lemma num_sat_subset_agents_le:
  assumes "B \<subseteq> {0..<2 * n}" "card B \<le> n"
  shows "num_sat s (subset_agents (2 * n) r) B \<le> (\<Sum>i=s..r. (n choose i) * (n choose (r - i)))"
proof -
  let ?G = "{0..<2 * n}"
  obtain H where H: "B \<subseteq> H" "H \<subseteq> ?G" "card H = n"
    using exists_subset_between[of B n ?G] assms by auto
  have "card (?G - H) = n" using H by (simp add: card_Diff_subset finite_subset)
  have "num_sat s (subset_agents (2 * n) r) B
      = card {S. S \<subseteq> ?G \<and> card S = r \<and> s \<le> card (S \<inter> B)}"
    by (rule num_sat_subset_agents[OF assms(1)])
  also have "\<dots> \<le> card {S. S \<subseteq> ?G \<and> card S = r \<and> s \<le> card (S \<inter> H)}"
  proof (rule card_mono)
    show "finite {S. S \<subseteq> ?G \<and> card S = r \<and> s \<le> card (S \<inter> H)}"
      by (auto intro: finite_subset[of _ "Pow ?G"])
    have "card (S \<inter> B) \<le> card (S \<inter> H)" if "S \<subseteq> ?G" for S
      using H that by (intro card_mono) (auto intro: finite_subset)
    then show "{S. S \<subseteq> ?G \<and> card S = r \<and> s \<le> card (S \<inter> B)}
             \<subseteq> {S. S \<subseteq> ?G \<and> card S = r \<and> s \<le> card (S \<inter> H)}"
      by (auto intro: le_trans)
  qed
  also have "\<dots> = (\<Sum>i=s..r. (n choose i) * (n choose (r - i)))"
    using card_subsets_Int_ge[OF _ H(2)] H(3) \<open>card (?G - H) = n\<close> by simp
  finally show ?thesis .
qed

text \<open>The fraction of r-subsets of 2n goods that meet a fixed n-set in at least s goods.\<close>

definition hypergeometric_tail :: "nat \<Rightarrow> nat \<Rightarrow> nat \<Rightarrow> real" where
  "hypergeometric_tail r s n =
     real (\<Sum>i=s..r. (n choose i) * (n choose (r - i))) / real ((2 * n) choose r)"

lemma num_sat_subset_agents_less:
  assumes "r \<le> 2 * n" "hypergeometric_tail r s n < h" "B \<subseteq> {0..<2 * n}" "card B \<le> n"
  shows "real (num_sat s (subset_agents (2 * n) r) B) < h * real (length (subset_agents (2 * n) r))"
proof -
  have pos: "real (length (subset_agents (2 * n) r)) > 0"
    using assms(1) by (simp add: length_subset_agents zero_less_binomial)
  have "real (num_sat s (subset_agents (2 * n) r) B)
        \<le> real (\<Sum>i=s..r. (n choose i) * (n choose (r - i)))"
    using num_sat_subset_agents_le[OF assms(3,4)] by (rule of_nat_mono)
  also have "\<dots> = hypergeometric_tail r s n * real (length (subset_agents (2 * n) r))"
    using pos unfolding hypergeometric_tail_def length_subset_agents by simp
  also have "\<dots> < h * real (length (subset_agents (2 * n) r))"
    using assms(2) pos by (rule mult_strict_right_mono)
  finally show ?thesis .
qed

lemma num_sat_eq_0_if_card_less:
  assumes "B \<subseteq> {0..<m}" "card B < s"
  shows "num_sat s (subset_agents m r) B = 0"
proof -
  have "\<not> s \<le> card (S \<inter> B)" for S
    using card_mono[of B "S \<inter> B"] finite_subset[OF assms(1)] assms(2) by auto
  then show ?thesis
    using assms(1) by (simp add: num_sat_subset_agents)
qed

lemma choose_over_power_tendsto:
  "(\<lambda>n. real (n choose k) / real n ^ k) \<longlonglongrightarrow> 1 / fact k"
proof -
  have eq: "real (n choose k) / real n ^ k = (\<Prod>j=0..<k. 1 - real j / real n) / fact k"
    if "n > 0" for n
  proof -
    have "(\<Prod>j=0..<k. 1 - real j / real n) = (\<Prod>j=0..<k. (real n - real j) / real n)"
      by (rule prod.cong) (use that in \<open>auto simp: field_simps\<close>)
    then have "(\<Prod>j=0..<k. real n - real j) / real n ^ k = (\<Prod>j=0..<k. 1 - real j / real n)"
      by (simp add: prod_dividef)
    moreover have "real (n choose k) = (\<Prod>j=0..<k. real n - real j) / fact k"
      by (simp add: binomial_gbinomial gbinomial_prod_rev)
    ultimately show ?thesis by (simp add: field_simps)
  qed
  have "(\<lambda>n. (\<Prod>j=0..<k. 1 - real j / real n) / fact k) \<longlonglongrightarrow> (\<Prod>j=0..<k. 1 - 0) / fact k"
    by (intro tendsto_intros) auto
  then have "(\<lambda>n. (\<Prod>j=0..<k. 1 - real j / real n) / fact k) \<longlonglongrightarrow> 1 / fact k"
    by simp
  then show ?thesis
    by (rule Lim_transform_eventually) (auto simp: eq eventually_sequentially intro!: exI[of _ 1])
qed

lemma hypergeometric_tendsto_binomial:
  assumes "i \<le> r"
  shows "(\<lambda>n. real (n choose i) * real (n choose (r - i)) / real ((2 * n) choose r))
     \<longlonglongrightarrow> real (r choose i) / 2 ^ r"
proof -
  have "(\<lambda>n. real ((2 * n) choose r) / real (2 * n) ^ r) \<longlonglongrightarrow> 1 / fact r"
    using LIMSEQ_subseq_LIMSEQ[OF choose_over_power_tendsto, of "\<lambda>n. 2 * n"]
    by (simp add: strict_mono_def o_def)
  then have "(\<lambda>n. 2 ^ r * (real ((2 * n) choose r) / real (2 * n) ^ r)) \<longlonglongrightarrow> 2 ^ r * (1 / fact r)"
    by (rule tendsto_mult_left)
  then have "(\<lambda>n. real ((2 * n) choose r) / real n ^ r) \<longlonglongrightarrow> 2 ^ r / fact r"
    by (simp add: power_mult_distrib)
  then have "(\<lambda>n. (real (n choose i) / real n ^ i) * (real (n choose (r - i)) / real n ^ (r - i))
                / (real ((2 * n) choose r) / real n ^ r))
             \<longlonglongrightarrow> (1 / fact i) * (1 / fact (r - i)) / (2 ^ r / fact r)"
    by (rule tendsto_divide[OF tendsto_mult[OF choose_over_power_tendsto choose_over_power_tendsto]])
       simp
  also have "(1 / fact i) * (1 / fact (r - i)) / (2 ^ r / fact r) = real (r choose i) / (2::real) ^ r"
    using assms by (simp add: binomial_fact field_simps)
  finally have lim: "(\<lambda>n. (real (n choose i) / real n ^ i) * (real (n choose (r - i)) / real n ^ (r - i))
                / (real ((2 * n) choose r) / real n ^ r)) \<longlonglongrightarrow> real (r choose i) / 2 ^ r" .
  have "\<forall>\<^sub>F n in sequentially.
          (real (n choose i) / real n ^ i) * (real (n choose (r - i)) / real n ^ (r - i))
            / (real ((2 * n) choose r) / real n ^ r)
          = real (n choose i) * real (n choose (r - i)) / real ((2 * n) choose r)"
  proof (rule eventually_sequentiallyI)
    fix n :: nat assume "1 \<le> n"
    moreover have "real n ^ i * real n ^ (r - i) = real n ^ r" using assms by (simp flip: power_add)
    ultimately show "(real (n choose i) / real n ^ i) * (real (n choose (r - i)) / real n ^ (r - i))
                       / (real ((2 * n) choose r) / real n ^ r)
                     = real (n choose i) * real (n choose (r - i)) / real ((2 * n) choose r)"
      by (simp add: field_simps)
  qed
  with lim show ?thesis
    by (rule Lim_transform_eventually)
qed

lemma hypergeometric_tail_tendsto:
  "hypergeometric_tail r s \<longlonglongrightarrow> (\<Sum>i=s..r. real (r choose i)) / 2 ^ r"
proof -
  have "(\<lambda>n. \<Sum>i=s..r. real (n choose i) * real (n choose (r - i)) / real ((2 * n) choose r))
        \<longlonglongrightarrow> (\<Sum>i=s..r. real (r choose i) / 2 ^ r)"
    by (intro tendsto_sum hypergeometric_tendsto_binomial) auto
  moreover have "hypergeometric_tail r s
      = (\<lambda>n. \<Sum>i=s..r. real (n choose i) * real (n choose (r - i)) / real ((2 * n) choose r))"
    by (simp add: fun_eq_iff hypergeometric_tail_def sum_divide_distrib)
  ultimately show ?thesis
    by (simp add: sum_divide_distrib)
qed

theorem mainTheorem4:
  fixes r s :: nat and h :: real
  assumes "1 \<le> s" and "s \<le> r" and "h > MaxH r s"
  shows "\<exists>(G :: nat set) (A1 :: (nat \<Rightarrow> nat) list) (A2 :: (nat \<Rightarrow> nat) list).
           finite G \<and> length A1 \<ge> 1 \<and> length A2 \<ge> 1 \<and>
           (\<forall>u \<in> set A1 \<union> set A2. binary_agent G u \<and> card (desired G u) = r) \<and>
           \<not> (\<exists>G1 G2. is_allocation G G1 G2 \<and>
                 real (num_sat s A1 G1) \<ge> h * real (length A1) \<and>
                 real (num_sat s A2 G2) \<ge> h * real (length A2))"
proof (cases "r \<le> 2 * s - 1")
  case True
  then have "h > 0" using assms(3) by (simp add: MaxH_def)
  moreover have "length (subset_agents r r) = 1" by (simp add: length_subset_agents)
  ultimately show ?thesis
    using True assms(1) by (intro hard_instance[of r r s]) (auto simp: num_sat_eq_0_if_card_less)
next
  case False
  then have "hypergeometric_tail r s \<longlonglongrightarrow> MaxH r s"
    using hypergeometric_tail_tendsto by (simp add: MaxH_def)
  then have "\<forall>\<^sub>F n in sequentially. hypergeometric_tail r s n < h"
    using assms(3) by (rule order_tendstoD)
  moreover have "\<forall>\<^sub>F n in sequentially. r \<le> 2 * n"
    by (rule eventually_sequentiallyI[of r]) simp
  ultimately have "\<forall>\<^sub>F n in sequentially. hypergeometric_tail r s n < h \<and> r \<le> 2 * n"
    by (rule eventually_conj)
  then obtain n where n: "hypergeometric_tail r s n < h" "r \<le> 2 * n"
    using eventually_happens'[OF sequentially_bot] by blast
  show ?thesis
    using n num_sat_subset_agents_less[of r n s h]
    by (intro hard_instance[of r "2 * n" "n + 1"]) auto
qed

end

======

__WHAT YOU NEED TO DO__.
The lines running from the start of the data through the one that contains "by (rule num_sat_subset_agents[OF" should be reproduced exactly, and only those.

__RESPONSE BOX__.
lemma num_sat_subset_agents_le:
  assumes "B \<subseteq> {0..<2 * n}" "card B \<le> n"
  shows "num_sat s (subset_agents (2 * n) r) B \<le> (\<Sum>i=s..r. (n choose i) * (n choose (r - i)))"
proof -
  let ?G = "{0..<2 * n}"
  obtain H where H: "B \<subseteq> H" "H \<subseteq> ?G" "card H = n"
    using exists_subset_between[of B n ?G] assms by auto
  have "card (?G - H) = n" using H by (simp add: card_Diff_subset finite_subset)
  have "num_sat s (subset_agents (2 * n) r) B
      = card {S. S \<subseteq> ?G \<and> card S = r \<and> s \<le> card (S \<inter> B)}"
    by (rule num_sat_subset_agents[OF assms(1)])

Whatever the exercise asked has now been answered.